FIG. 1 is a perspective view of disc drive system 10, implementing active noise reduction devices according to the present invention. The components of disc drive system 10 are contained within base housing 12 and top cover 14. While top cover 14 is shown as open in FIG. 1 to allow viewing of the internal components of disc drive system 10, top cover 14 typically permanently encloses the internal components of disc drive system 10. Also, while a considerable amount of "empty" volume is depicted within housing 12, the components of disc drive system 10 typically fill nearly the entire volume of housing 12, as is known in the art. Magnetic disc 16 is mounted on spindle 17, which rotates around axis 18. Actuator arm assembly 20 suspends a transducing head over the head of disc 16, and its radial position with respect to disc 16 is controlled by voice coil actuator motor 22.

Because the transducing head is able to accommodate increasingly high frequencies of data, disc 16 and spindle 17 rotate at high speeds, creating acoustic noise-producing vibrations in disc drive system 10. Operation of actuator arm assembly 20 also induces noise-producing vibrations in the drive. The vibrations hinder precision in positioning of the transducing head on actuator arm assembly 20 over a narrow track of disc 16, and may also produce audible noise that could adversely affect the performance and appreciation of the disc drive.

The effects of noise in disc drive system 10 are reduced by mounting one or more low frequency oscillating devices 24, 26, 28 and 30 to the housing portion of disc drive system 10. In a preferred embodiment, oscillating devices 24, 26, 28 and 30 are piezoelectric devices configured to mechanically oscillate in response to an applied voltage. It will be apparent to one skilled in the art that other small-scale oscillating devices may optionally be used. The configuration of FIG. 1 shows piezoelectric device 24 mounted to top cover 14, piezoelectric device 26 mounted to a side wall of base housing 12, and piezoelectric devices 28 and 30 mounted to the floor of base housing 12. These mounting locations are exemplary, and other locations on housing 12 and top cover 14, or elsewhere in disc drive system 10, are contemplated by the present invention.
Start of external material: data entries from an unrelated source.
lemma has_vertex_coloring_if_proper_coloring:
  fixes f :: "'n::finite \<Rightarrow> nat"
  assumes "proper_coloring E c f" "c \<le> CARD('n)"
  shows "has_vertex_coloring E c"
  using assms(1)
proof (induction "c - card (range f)" arbitrary: f rule: less_induct)
  case less
  show ?case
  proof (cases "{..<c} \<subseteq> range f")
    case True
    with less.prems show ?thesis
      by (rule has_vertex_coloring_if_surj_proper_coloring)
  next
    case False
    then obtain k where k: "k < c" "k \<notin> range f"
      by auto
    have "range f \<subset> {..<c}"
      using less.prems k unfolding proper_coloring_def by auto
    then have fewer: "card (range f) < c"
      by (metis card_lessThan finite_lessThan psubset_card_mono)
    then have "\<not> inj f"
      using assms(2) by (metis card_image order_less_irrefl order_less_le_trans)
    then obtain x y where "f x = f y" "x \<noteq> y"
      unfolding inj_def by blast
    then have "range (f(x := k)) = insert k (range f)"
      by (rule range_fun_upd_collision)
    then have "card (range (f(x := k))) = Suc (card (range f))"
      using k by simp
    then show ?thesis
      using less.hyps[of "f(x := k)"] fewer proper_coloring_fun_upd_unused[OF less.prems k] by simp
  qed
qed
Because disc drives of a particular model typically exhibit a single dominant noise frequency signal, known as the "pure tone," only a single piezoelectric device is ordinarily required.

Electronic driving circuitry 32 is also preferably mounted on base housing 12 or top cover 14, to deliver a driving signal to piezoelectric device 24, 26, 28 or 30. The driving signal operates the piezoelectric devices at a frequency that is the same or nearly equal to the dominant vibrating noise frequency of disc drive system 10, and preferably 180.degree. out of phase with the pure tone noise frequency. Thus, low frequency noise produced by the drive components destructively interacts with the out-of-phase low frequency signal generated by piezoelectric devices 24, 26, 28 and 30. Hence, devices 24, 26, 28 and 30 provide anti-noise sources that are out of phase with the noise of the spindle and the drive components, thereby providing a dynamic noise cancellation technique.

FIG. 2 shows a stacked piezoelectric element 40 for use with the present invention. While piezoelectric element 40 is shown as having four stacked layers, it may have more or less layers, or may include only a single layer, depending on the desired characteristics of the noise-canceling signal to be generated by piezoelectric element 40. Piezoelectric element 40 has a d31, d32, and d33 dimension associated therewith. A voltage between terminals 42 and 44 results in an expansion or contraction of piezoelectric element 40 in the d33 direction, with a corresponding expansion or contraction in the d31 direction. Therefore, a rapidly changing voltage between terminals 42 and 44 effectively causes piezoelectric element 40 to vibrate, due to expansions and contractions in the d33 and d31 directions in rapid succession. Thus, the surface to which piezoelectric element 40 is mounted vibrates, producing a secondary noise field. The frequency of vibration is controlled by the frequency of the voltage applied to terminals 42 and 44. It will be understood by one skilled in the art that other terminal and poling configurations may be used to cause expansion and contraction of piezoelectric element 40 in different dimensions of the element.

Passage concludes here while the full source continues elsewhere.